Double-checking this *did* cause me to run across a bug in ECJ, but it 
doesn't affect you.  Specifically, ECJ's even looser: it lets ANY 
subclass of Problem be loaded as a MasterProblem, which causes ECJ to 
bomb later.  I've cleaned that up -- now it has to be a MasterProblem or 
a subclass thereof.

It *is* true that SlaveMonitor, SlaveConnection, and Job are among the 
very few hard-coded classes in ECJ: that code is too interwoven for us 
to want people to swap in other classes (for now).  Plus, it works as a 
black box anyway.  But MasterProblem, sure, go to town.


> So my next idea had been to hack MasterProblem as you suggested, but I 
> really hated doing that, because then when the next ECJ version came out 
> (and they've been coming out relatively fast and furious), I'd have to 
> remember the changes I made. I could always stick with the current ECJ 
> version, but I'm one of those upgrade addicts.
 >
> Finally, I settled on creating a custom Exchanger, that being the next 
> stage after evaluation, and fix up the fitnesses in the prebreeding 
> exchange phase. Not ideal, but it's the very next phase after 
> evaluation, and at least it would work for future ECJ versions.

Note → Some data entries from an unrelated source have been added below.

text \<open>Column of IAS(G) labelled by an element, as a vector over GF(2) indexed by V.\<close>
fun col :: "('a \<Rightarrow> 'a \<Rightarrow> bool) \<Rightarrow> kind \<times> 'a \<Rightarrow> 'a \<Rightarrow> bool" where
  "col A (Phi, v) x = (x = v)"
| "col A (Chi, v) x = A x v"
| "col A (Psi, v) x = (A x v \<noteq> (x = v))"

text \<open>Independence in the binary column matroid M[IAS(G)]: no nonempty subset of
  the columns sums to zero over GF(2).\<close>
definition indep_IAS :: "'a set \<Rightarrow> ('a \<Rightarrow> 'a \<Rightarrow> bool) \<Rightarrow> (kind \<times> 'a) set \<Rightarrow> bool" where
  "indep_IAS V A S \<longleftrightarrow> S \<subseteq> W V \<and>
     (\<forall>T \<subseteq> S. T \<noteq> {} \<longrightarrow> (\<exists>x \<in> V. odd (card {e \<in> T. col A e x})))"

definition subtransversal :: "'a set \<Rightarrow> (kind \<times> 'a) set \<Rightarrow> bool" where
  "subtransversal V S \<longleftrightarrow> S \<subseteq> W V \<and> (\<forall>v \<in> V. card {e \<in> S. snd e = v} \<le> 1)"

definition Phis :: "'a set \<Rightarrow> (kind \<times> 'a) set" where
  "Phis V = {(Phi, v) | v. v \<in> V}"

definition loop_op :: "'a \<Rightarrow> ('a \<Rightarrow> 'a \<Rightarrow> bool) \<Rightarrow> ('a \<Rightarrow> 'a \<Rightarrow> bool)" where
  "loop_op v A = (\<lambda>x y. if x = v \<and> y = v then \<not> A x y else A x y)"

definition s_op :: "'a set \<Rightarrow> 'a \<Rightarrow> ('a \<Rightarrow> 'a \<Rightarrow> bool) \<Rightarrow> ('a \<Rightarrow> 'a \<Rightarrow> bool)" where
  "s_op V v A = (\<lambda>x y. if x \<noteq> y \<and> x \<in> nbrs V A v \<and> y \<in> nbrs V A v then \<not> A x y else A x y)"
lemma kerL0_sum:
  assumes "finite A" "\<And>j. j \<in> A \<Longrightarrow> f j \<in> kerL0 r a"
  shows "(\<lambda>x. \<Sum>j\<in>A. \<mu> j * f j x) \<in> kerL0 r a"
proof -
  interpret L0: linear_op_on "{f. f holomorphic_on UNIV}" "L0 r a" by (fact L0_linear_op)
  have "f j holomorphic_on UNIV" "L0 r a (f j) = (\<lambda>_. 0)" if "j \<in> A" for j
    using assms(2)[OF that] by (auto simp: kerL0_def)
  with assms(1) show ?thesis
    by (simp add: kerL0_def L0.sum L0.sum_mem L0.scale holomorphic_intros)
qed

theorem mainTheorem4:
  fixes r n :: nat and a :: "nat \<Rightarrow> complex" and f :: "nat \<Rightarrow> complex \<Rightarrow> complex"
    and lam gam :: "nat \<Rightarrow> complex"
  assumes "r > 1"
    and "is_basis_kerL0 r a f"
    and "n \<ge> 1"
    and "inj_on lam {..<n}"
  shows "\<forall>\<mu> :: nat \<Rightarrow> nat \<Rightarrow> complex.
           (\<forall>x. (\<Sum>i<n. \<Sum>j<r. \<mu> i j * delta_op (lam i) (gam i) (hat (f j)) x) = 0)
           \<longrightarrow> (\<forall>i<n. \<forall>j<r. \<mu> i j = 0)"
proof (intro allI impI)
  fix \<mu> :: "nat \<Rightarrow> nat \<Rightarrow> complex" and i j
  assume combination_zero: "\<forall>x. (\<Sum>i<n. \<Sum>j<r. \<mu> i j * delta_op (lam i) (gam i) (hat (f j)) x) = 0"
    and "i < n" "j < r"
  have f_ker: "f j \<in> kerL0 r a" if "j < r" for j
    using assms(2) that by (simp add: is_basis_kerL0_def)
  define g where "g i = (\<lambda>y. \<Sum>j<r. \<mu> i j * f j y)" for i
  define H where "H i = delta_op (lam i) (gam i) (hat (g i))" for i
  have g_ker: "g i \<in> kerL0 r a" for i
    unfolding g_def by (intro kerL0_sum f_ker) auto
  have "H i x = (\<Sum>j<r. \<mu> i j * delta_op (lam i) (gam i) (hat (f j)) x)" for i x
    unfolding H_def g_def by (rule delta_op_hat_sum) (use f_ker in \<open>auto simp: kerL0_def\<close>)
  then have "(\<lambda>x. \<Sum>i<n. H i x) = (\<lambda>_. 0)"
    using combination_zero by simp
  moreover have "H i \<in> {f. f holomorphic_on UNIV}" for i
    using g_ker by (simp add: H_def kerL0_def delta_op_hat_holomorphic)
  moreover have "shifted (L0 r a) (lam i) (shifted (L0 r a) (lam i) (H i)) = (\<lambda>_. 0)" for i
    using g_ker by (simp add: H_def delta_op_hat_generalized_eigenvector)
  ultimately have "H i = (\<lambda>_. 0)"
    using linear_op_on.generalized_eigenvectors_sum_zero[OF L0_linear_op assms(4)] \<open>i < n\<close> by blast
  then have "g i = (\<lambda>_. 0)"
    using delta_op_hat_eq_zero_imp_zero[OF g_ker] by (simp add: H_def)
  then show "\<mu> i j = 0"
    using assms(2) \<open>j < r\<close> by (simp add: g_def fun_eq_iff is_basis_kerL0_def lin_indep_fam_def)
qed
(* Let $f:\mathbb{R}^n\to\mathbb{R}$ be twice continuously differentiable with $L$-Lipschitz gradient. If $0<\alpha<\frac1L$, then each map $g^s_{\alpha f}(x)=x-\alpha U_s\nabla_sf(x)$, $s=1,\dots,p$, is a diffeomorphism of $\mathbb{R}^n$.
   Context: $\|\nabla f(x)-\nabla f(y)\|\le L\|x-y\|$ for all $x,y$, $L>0$. The variable is partitioned as $x=(x(1),\dots,x(p))$, $x(s)\in\mathbb{R}^{n_s}$, $\sum_sn_s=n$; $U_s\in\mathbb{R}^{n\times n_s}$ is the $s$-th block-column of $I_n$ and $\nabla_sf(x)=U_s^T\nabla f(x)$. *)

theory Defs
  imports "HOL-Analysis.Analysis"
begin

definition C1_map :: "(real^'n \<Rightarrow> real^'n) \<Rightarrow> bool" where
  "C1_map g \<longleftrightarrow> (\<exists>D :: real^'n \<Rightarrow> ((real^'n) \<Rightarrow>\<^sub>L (real^'n)).
      (\<forall>x. (g has_derivative blinfun_apply (D x)) (at x)) \<and> continuous_on UNIV D)"

definition diffeomorphism :: "(real^'n \<Rightarrow> real^'n) \<Rightarrow> bool" where
  "diffeomorphism g \<longleftrightarrow> bij g \<and> C1_map g \<and> C1_map (inv g)"

text \<open>U_s U_s^T v: keep the coordinates of v in block S, zero the others.\<close>
definition block_embed :: "'n set \<Rightarrow> real^'n \<Rightarrow> real^'n" where
  "block_embed S v = (\<chi> i. if i \<in> S then v $ i else 0)"

end

theory Submission
  imports Defs
begin

(* With h x = \<alpha> U_s \<nabla>_s f(x), the map h is \<alpha>L-Lipschitz and \<alpha>L < 1.  Hence x - h x is a
   bijection (Banach's fixed point theorem applied to x \<mapsto> y + h x) and it expands distances
   by at least the factor 1 - \<alpha>L.  The same lower bound passes to its derivatives, which are
   therefore invertible with inverses bounded by 1 / (1 - \<alpha>L); the inverse function theorem
   gives the derivative of the inverse map, and it is continuous because operator inversion
   is continuous on a uniformly bounded family of inverses. *)

lemma has_derivative_difference_quotient:
  fixes F :: "'a::real_normed_vector \<Rightarrow> 'b::real_normed_vector"
  assumes "(F has_derivative F') (at x)"
  shows "((\<lambda>t. (F (x + t *\<^sub>R v) - F x) /\<^sub>R t) \<longlongrightarrow> F' v) (at 0)"
proof -
  have "((\<lambda>t. F (x + t *\<^sub>R v)) has_derivative (\<lambda>t. F' (t *\<^sub>R v))) (at 0)"
    using assms
    by (auto intro!: derivative_eq_intros has_derivative_compose[of "\<lambda>t. x + t *\<^sub>R v" _ 0 _ F])
  then have "((\<lambda>t. norm (F (x + t *\<^sub>R v) - F x - t *\<^sub>R F' v) / norm t) \<longlongrightarrow> 0) (at 0)"
    using has_derivative_linear[OF assms] by (simp add: has_derivative_at linear_scale)
  moreover have "norm (F (x + t *\<^sub>R v) - F x - t *\<^sub>R F' v) / norm t
      = norm ((F (x + t *\<^sub>R v) - F x) /\<^sub>R t - F' v)" if "t \<noteq> 0" for t
  proof -
    have "(F (x + t *\<^sub>R v) - F x) /\<^sub>R t - F' v = (F (x + t *\<^sub>R v) - F x - t *\<^sub>R F' v) /\<^sub>R t"
      using that by (simp add: algebra_simps)
    then show ?thesis by (simp add: divide_inverse_commute)
  qed
  ultimately have "((\<lambda>t. norm ((F (x + t *\<^sub>R v) - F x) /\<^sub>R t - F' v)) \<longlongrightarrow> 0) (at 0)"
    by (elim Lim_transform_eventually) (auto simp: eventually_at_filter)
  then show ?thesis
    by (simp add: tendsto_norm_zero_iff LIM_zero_iff)
qed

lemma norm_derivative_ge_of_expanding_at:
  fixes F :: "'a::real_normed_vector \<Rightarrow> 'b::real_normed_vector"
  assumes "(F has_derivative F') (at x)"
    and "\<And>y. m * norm (y - x) \<le> norm (F y - F x)"
  shows "m * norm v \<le> norm (F' v)"
proof (rule Lim_norm_lbound[OF _ has_derivative_difference_quotient[OF assms(1)]])
  have "m * norm v \<le> norm ((F (x + t *\<^sub>R v) - F x) /\<^sub>R t)" if "t \<noteq> 0" for t
    using assms(2)[of "x + t *\<^sub>R v"] that
    by (simp add: divide_inverse_commute) (simp add: field_simps mult_ac)
  then show "\<forall>\<^sub>F t in at 0. m * norm v \<le> norm ((F (x + t *\<^sub>R v) - F x) /\<^sub>R t)"
    by (auto simp: eventually_at_filter)
qed simp

lemma blinfun_inverse_of_expanding:
  fixes A :: "'a::euclidean_space \<Rightarrow>\<^sub>L 'a"
  assumes m: "m > 0" and expanding: "\<And>v. m * norm v \<le> norm (A v)"
  obtains T :: "'a \<Rightarrow>\<^sub>L 'a" where "\<And>v. T (A v) = v" "\<And>w. A (T w) = w" "norm T \<le> 1 / m"
proof -
  have "inj (blinfun_apply A)"
  proof (rule injI)
    fix a b assume "A a = A b"
    then have "m * norm (a - b) \<le> 0"
      using expanding[of "a - b"] by (simp add: blinfun.diff_right)
    then show "a = b" using m by (simp add: mult_le_0_iff)
  qed
  moreover have lin: "linear (blinfun_apply A)"
    by (simp add: blinfun.bounded_linear_right bounded_linear.linear)
  ultimately obtain G where "linear G" and left: "G \<circ> blinfun_apply A = id"
    using linear_injective_left_inverse by blast
  moreover from this have right: "blinfun_apply A \<circ> G = id"
    using linear_inverse_left[OF lin] by simp
  ultimately have G: "blinfun_apply (Blinfun G) = G"
    by (simp add: bounded_linear_Blinfun_apply linear_conv_bounded_linear)
  show ?thesis
  proof
    show "Blinfun G (A v) = v" for v using left G by (metis comp_apply id_apply)
    show GA: "A (Blinfun G w) = w" for w using right G by (metis comp_apply id_apply)
    show "norm (Blinfun G) \<le> 1 / m"
    proof (rule norm_blinfun_bound)
      fix w
      have "m * norm (Blinfun G w) \<le> norm w" using expanding[of "Blinfun G w"] GA by simp
      then show "norm (Blinfun G w) \<le> 1 / m * norm w" using m by (simp add: field_simps)
    qed (use m in simp)
  qed
qed

lemma blinfun_inverse_diff:
  fixes A B S T :: "'a::real_normed_vector \<Rightarrow>\<^sub>L 'a"
  assumes "\<And>v. S (A v) = v" "\<And>w. B (T w) = w"
  shows "S - T = S o\<^sub>L (B - A) o\<^sub>L T"
  by (rule blinfun_eqI) (simp add: assms blinfun.diff_left blinfun.diff_right)

lemma continuous_on_blinfun_inverse:
  fixes A T :: "'b::topological_space \<Rightarrow> 'a::real_normed_vector \<Rightarrow>\<^sub>L 'a"
  assumes cont: "continuous_on U A"
    and left: "\<And>x v. x \<in> U \<Longrightarrow> T x (A x v) = v"
    and right: "\<And>x w. x \<in> U \<Longrightarrow> A x (T x w) = w"
    and bound: "\<And>x. x \<in> U \<Longrightarrow> norm (T x) \<le> K"
  shows "continuous_on U T"
  unfolding continuous_on_def
proof
  fix x assume x: "x \<in> U"
  have "0 \<le> K" using bound[OF x] norm_ge_zero order_trans by blast
  have "norm (T y - T x) \<le> K * K * norm (A y - A x)" if y: "y \<in> U" for y
  proof -
    have "T y - T x = T y o\<^sub>L (A x - A y) o\<^sub>L T x"
      by (rule blinfun_inverse_diff) (simp_all add: left right x y)
    then have "norm (T y - T x) \<le> norm (T y o\<^sub>L (A x - A y)) * norm (T x)"
      by (simp add: norm_blinfun_compose)
    also have "\<dots> \<le> norm (T y) * norm (A x - A y) * norm (T x)"
      by (rule mult_right_mono[OF norm_blinfun_compose norm_ge_zero])
    also have "\<dots> \<le> K * norm (A x - A y) * K"
      using bound x y \<open>0 \<le> K\<close> by (intro mult_mono) auto
    finally show ?thesis by (simp add: norm_minus_commute mult_ac)
  qed
  then have "\<forall>\<^sub>F y in at x within U. norm (T y - T x) \<le> K * K * norm (A y - A x)"
    unfolding eventually_at_filter by (simp add: always_eventually)
  moreover have "((\<lambda>y. A y - A x) \<longlongrightarrow> 0) (at x within U)"
    using cont x by (simp add: continuous_on_def LIM_zero)
  then have "((\<lambda>y. K * K * norm (A y - A x)) \<longlongrightarrow> 0) (at x within U)"
    by (rule tendsto_mult_right_zero[OF tendsto_norm_zero])
  ultimately have "((\<lambda>y. T y - T x) \<longlongrightarrow> 0) (at x within U)"
    by (rule Lim_null_comparison)
  then show "(T \<longlongrightarrow> T x) (at x within U)"
    by (simp add: LIM_zero_iff)
qed

lemma norm_id_minus_contraction_ge:
  fixes h :: "'a::real_normed_vector \<Rightarrow> 'a"
  assumes "c-lipschitz_on UNIV h"
  shows "(1 - c) * norm (x - y) \<le> norm ((x - h x) - (y - h y))"
proof -
  have "norm (x - y) \<le> norm ((x - h x) - (y - h y)) + norm (h x - h y)"
    using norm_triangle_ineq[of "(x - h x) - (y - h y)" "h x - h y"] by simp
  moreover have "norm (h x - h y) \<le> c * norm (x - y)"
    using assms by (rule lipschitz_on_normD) auto
  ultimately show ?thesis by (simp add: algebra_simps)
qed

lemma bij_id_minus_contraction:
  fixes h :: "'a::banach \<Rightarrow> 'a"
  assumes lip: "c-lipschitz_on UNIV h" and "c < 1"
  shows "bij (\<lambda>x. x - h x)"
proof (rule bijI)
  show "inj (\<lambda>x. x - h x)"
  proof (rule injI)
    fix x y assume "x - h x = y - h y"
    then have "(1 - c) * norm (x - y) \<le> 0"
      using norm_id_minus_contraction_ge[OF lip, of x y] by simp
    then show "x = y" using \<open>c < 1\<close> by (simp add: mult_le_0_iff)
  qed
  show "surj (\<lambda>x. x - h x)"
  proof (rule surj_def[THEN iffD2, rule_format])
    fix y
    have "\<forall>a b. dist (y + h a) (y + h b) \<le> c * dist a b"
      using lipschitz_onD[OF lip] by (simp add: dist_norm)
    then have "\<exists>!x. y + h x = x"
      by (rule banach_fix_type[OF lipschitz_on_nonneg[OF lip] \<open>c < 1\<close>])
    then obtain x where "y + h x = x" by blast
    then show "\<exists>x. y = x - h x" by (metis add_diff_cancel_right')
  qed
qed

lemma C1_mapI:
  assumes "\<And>x. (g has_derivative blinfun_apply (D x)) (at x)" and "continuous_on UNIV D"
  shows "C1_map g"
  unfolding C1_map_def using assms by (intro exI[of _ D]) blast

lemma C1_mapE:
  assumes "C1_map g"
  obtains D where "\<And>x. (g has_derivative blinfun_apply (D x)) (at x)" and "continuous_on UNIV D"
  using assms unfolding C1_map_def by blast

lemma C1_map_compose_bounded_linear:
  assumes "bounded_linear P" and "C1_map F"
  shows "C1_map (\<lambda>x. P (F x))"
proof -
  obtain D where D: "\<And>x. (F has_derivative blinfun_apply (D x)) (at x)" and "continuous_on UNIV D"
    using \<open>C1_map F\<close> by (erule C1_mapE)
  have "((\<lambda>x. P (F x)) has_derivative blinfun_apply (Blinfun P o\<^sub>L D x)) (at x)" for x
    by (rule has_derivative_eq_rhs[OF bounded_linear.has_derivative[OF assms(1) D]])
      (simp add: bounded_linear_Blinfun_apply[OF assms(1)] fun_eq_iff)
  moreover have "continuous_on UNIV (\<lambda>x. Blinfun P o\<^sub>L D x)"
    by (intro continuous_intros) fact
  ultimately show ?thesis by (rule C1_mapI)
qed
lemma card_in_nbrs_le:
  assumes "\<And>a b. E a b \<Longrightarrow> dist_cw n a b \<le> L" "v < n"
  shows "card (in_nbrs v) \<le> L"
proof -
  have "in_nbrs v \<subseteq> {z. z < n \<and> z \<noteq> v \<and> offset n z v \<le> L}"
    using edge_vertices assms(1) dist_edge by fastforce
  then have "card (in_nbrs v) \<le> card {z. z < n \<and> z \<noteq> v \<and> offset n z v \<le> L}"
    by (intro card_mono) auto
  then show ?thesis using card_offset_to_le[OF assms(2), of L] by linarith
qed

lemma card_out_nbrs_le:
  assumes "\<And>a b. E a b \<Longrightarrow> dist_cw n a b \<le> L" "u < n"
  shows "card (out_nbrs u) \<le> L"
proof -
  have "out_nbrs u \<subseteq> {z. z < n \<and> z \<noteq> u \<and> offset n u z \<le> L}"
    using edge_vertices assms(1) dist_edge by fastforce
  then have "card (out_nbrs u) \<le> card {z. z < n \<and> z \<noteq> u \<and> offset n u z \<le> L}"
    by (intro card_mono) auto
  then show ?thesis using card_offset_from_le[OF assms(2), of L] by linarith
qed

lemma longest_edge_exists:
  assumes "E u v"
  obtains u0 v0 where "E u0 v0" "\<And>a b. E a b \<Longrightarrow> dist_cw n a b \<le> dist_cw n u0 v0"
proof -
  have "\<exists>p. E (fst p) (snd p) \<and>
      (\<forall>q. E (fst q) (snd q) \<longrightarrow> dist_cw n (fst q) (snd q) \<le> dist_cw n (fst p) (snd p))"
    by (rule Lattices_Big.ex_has_greatest_nat[where k = "(u, v)" and b = n])
      (use assms edge_vertices dist_edge offset_bounds in auto)
  then show ?thesis using that by auto
qed

end


locale longest_edge = circ_digraph +
  fixes u0 v0 :: nat
  assumes edge: "E u0 v0"
    and longest: "\<And>a b. E a b \<Longrightarrow> dist_cw n a b \<le> dist_cw n u0 v0"
begin

definition E_rem :: "nat \<Rightarrow> nat \<Rightarrow> bool" where
  "E_rem a b \<longleftrightarrow> E a b \<and> (a, b) \<noteq> (u0, v0)"

lemma u0v0: "u0 < n" "v0 < n" "u0 \<noteq> v0"
  using edge_vertices[OF edge] by auto

(* A longest edge is never split by an interior vertex of another edge, so deleting it
   preserves the circular interval property. *)
lemma removal_admissible: "admissible n E_rem"
  unfolding admissible_def is_digraph_def two_free_def circ_interval_def
proof (intro conjI; intro allI impI)
  fix u v assume "E_rem u v"
  then show "u < n \<and> v < n \<and> u \<noteq> v" using edge_vertices unfolding E_rem_def by blast
next
  fix u v :: nat
  show "\<not> (E_rem u v \<and> E_rem v u)" using edge_asym unfolding E_rem_def by blast
next
  fix u v w assume "cw n u v w \<and> E_rem u w"
  then have c: "cw n u v w" and e: "E u w" unfolding E_rem_def by auto
  have "dist_cw n u v < dist_cw n u0 v0" "dist_cw n v w < dist_cw n u0 v0"
    using interval_edges_shorter[OF c e] longest[OF e] by auto
  then show "E_rem u v \<and> E_rem v w" using edge_interval[OF c e] unfolding E_rem_def by auto
qed

lemma removal_lost_paths:
  "P3_set n E - P3_set n E_rem \<subseteq>
     (\<lambda>c. (u0, v0, c)) ` (out_nbrs v0 - in_nbrs u0) \<union> (\<lambda>a. (a, u0, v0)) ` (in_nbrs u0 - out_nbrs v0)"
proof
  fix t assume t: "t \<in> P3_set n E - P3_set n E_rem"
  obtain a b c where abc: "t = (a, b, c)" by (cases t) auto
  from t abc have path: "a < n \<and> b < n \<and> c < n \<and> a \<noteq> b \<and> b \<noteq> c \<and> a \<noteq> c \<and>
      E a b \<and> E b c \<and> \<not> E a c \<and> \<not> E c a"
    and "\<not> (E_rem a b \<and> E_rem b c \<and> \<not> E_rem a c \<and> \<not> E_rem c a)"
    unfolding P3_set_def by auto
  then have "(a, b) = (u0, v0) \<or> (b, c) = (u0, v0)" unfolding E_rem_def by auto
  then show "t \<in> (\<lambda>c. (u0, v0, c)) ` (out_nbrs v0 - in_nbrs u0) \<union>
      (\<lambda>a. (a, u0, v0)) ` (in_nbrs u0 - out_nbrs v0)"
    using path abc by auto
qed

lemma removal_new_paths: "(\<lambda>b. (u0, b, v0)) ` arc n u0 v0 \<subseteq> P3_set n E_rem - P3_set n E"
proof
  fix t assume "t \<in> (\<lambda>b. (u0, b, v0)) ` arc n u0 v0"
  then obtain b where c: "cw n u0 b v0" and t: "t = (u0, b, v0)" unfolding arc_def by auto
  have "E u0 b \<and> E b v0" using edge_interval[OF c edge] .
  moreover have "b < n" "b \<noteq> u0" "b \<noteq> v0" using c by (auto simp: cw_iff_offset)
  ultimately show "t \<in> P3_set n E_rem - P3_set n E"
    using t u0v0 edge edge_asym[OF edge] unfolding P3_set_def E_rem_def by auto
qed

lemma neighbours_on_arc: "in_nbrs u0 \<union> out_nbrs v0 \<subseteq> arc n v0 u0"
  using in_neighbour_cw[of _ u0 v0] out_neighbour_cw[of v0 _ u0] edge_asym[OF edge] u0v0
    edge_vertices
  unfolding arc_def by blast

lemma removal_P3:
  "card (P3_set n E) + (dist_cw n u0 v0 - 1) \<le> card (P3_set n E_rem) + (dist_cw n v0 u0 - 1)"
proof -
  let ?I = "in_nbrs u0" and ?O = "out_nbrs v0"
  let ?lost = "(\<lambda>c. (u0, v0, c)) ` (?O - ?I) \<union> (\<lambda>a. (a, u0, v0)) ` (?I - ?O)"
  let ?new = "(\<lambda>b. (u0, b, v0)) ` arc n u0 v0"
  have "card ?lost \<le> card (?O - ?I) + card (?I - ?O)"
    by (rule order_trans[OF card_Un_le add_mono[OF card_image_le card_image_le]])
      (simp_all add: finite_in_nbrs finite_out_nbrs)
  also have "\<dots> = card ((?O - ?I) \<union> (?I - ?O))"
    by (rule card_Un_disjoint[symmetric]) (auto simp: finite_in_nbrs finite_out_nbrs)
  also have "\<dots> \<le> card (arc n v0 u0)"
    using neighbours_on_arc by (intro card_mono finite_arc) auto
  finally have lost: "card ?lost \<le> dist_cw n v0 u0 - 1" by (simp add: card_arc)
  have "inj_on (\<lambda>b. (u0, b, v0)) (arc n u0 v0)" by (rule inj_onI) auto
  then have new: "card ?new = dist_cw n u0 v0 - 1" by (simp add: card_image card_arc)
  have "card (P3_set n E) + card ?new \<le> card (P3_set n E_rem) + card ?lost"
    by (rule card_exchange[OF finite_P3_set finite_P3_set _ removal_lost_paths removal_new_paths])
      (simp add: finite_in_nbrs finite_out_nbrs)
  then show ?thesis using lost new by linarith
qed

(* If the deleted edge has length at most n/2, the deletion creates no non-edge shorter than
   it; so xi drops as soon as some non-edge (w,x) is shorter than u0v0. *)
lemma removal_xi:
  assumes half: "2 * dist_cw n u0 v0 \<le> n"
    and ne: "non_edge n E w x" and shorter: "dist_cw n w x < dist_cw n u0 v0"
  shows "xi n E_rem < xi n E"
proof -
  have "xi_set n E_rem \<subseteq> xi_set n E"
  proof
    fix t assume t: "t \<in> xi_set n E_rem"
    obtain u v a b where t': "t = ((u, v), (a, b))" by (cases t) auto
    from t t' have h: "u < n" "v < n" "E u v" "non_edge n E_rem a b"
        "dist_cw n a b < dist_cw n u v"
      unfolding xi_set_def E_rem_def by auto
    have "non_edge n E a b"
    proof (rule ccontr)
      assume "\<not> non_edge n E a b"
      then have "(a, b) = (u0, v0) \<or> (b, a) = (u0, v0)"
        using h(4) unfolding non_edge_def E_rem_def by auto
      then have "dist_cw n u0 v0 \<le> dist_cw n a b" using dist_cw_reverse[OF u0v0] half by auto
      then show False using longest[OF h(3)] h(5) by simp
    qed
    then show "t \<in> xi_set n E" using t' h unfolding xi_set_def by auto
  qed
  moreover have "((u0, v0), (w, x)) \<in> xi_set n E - xi_set n E_rem"
    using edge ne shorter u0v0 unfolding xi_set_def E_rem_def by auto
  ultimately have "xi_set n E_rem \<subset> xi_set n E" by blast
  then show ?thesis unfolding xi_card by (rule psubset_card_mono[OF finite_xi_set])
qed

end


locale shortest_non_edge = circ_digraph +
  fixes w x k L :: nat
  assumes wx_non_edge: "non_edge n E w x" and length: "dist_cw n w x = k"
    and shortest: "\<And>a b. non_edge n E a b \<Longrightarrow> k \<le> dist_cw n a b"
    and edges_le: "\<And>a b. E a b \<Longrightarrow> dist_cw n a b \<le> L"
    and less_half: "2 * L < n" and quarter: "4 * k \<le> n"
begin

definition E_add :: "nat \<Rightarrow> nat \<Rightarrow> bool" where
  "E_add a b \<longleftrightarrow> E a b \<or> (a = w \<and> b = x)"

lemma wx: "w < n" "x < n" "w \<noteq> x" "\<not> E w x" "\<not> E x w"
  using wx_non_edge unfolding non_edge_def by auto

lemma offset_wx: "offset n w x = k"
  using length dist_cw_offset wx by simp

lemma k_pos: "1 \<le> k"
  using length dist_cw_pos by metis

Usually your best bet for forward-compatable hooks is Statistics.


> IMHO, the best thing would be to fix up MasterProblem, but I also didn't 
> look at it closely enough to determine whether that would work under 
> both synchronous and asynchronous evaluation. I defer to your far 
> greater knowledge of the code :)

Well, in asynchronous evaluation, finishEvaluating is NEVER CALLED.  So
that wouldn't be great for you.  But on the other hand, it's 
asynchronous, which is to say, steady-state, so there's no real 
generational boundary being checked in the Problem.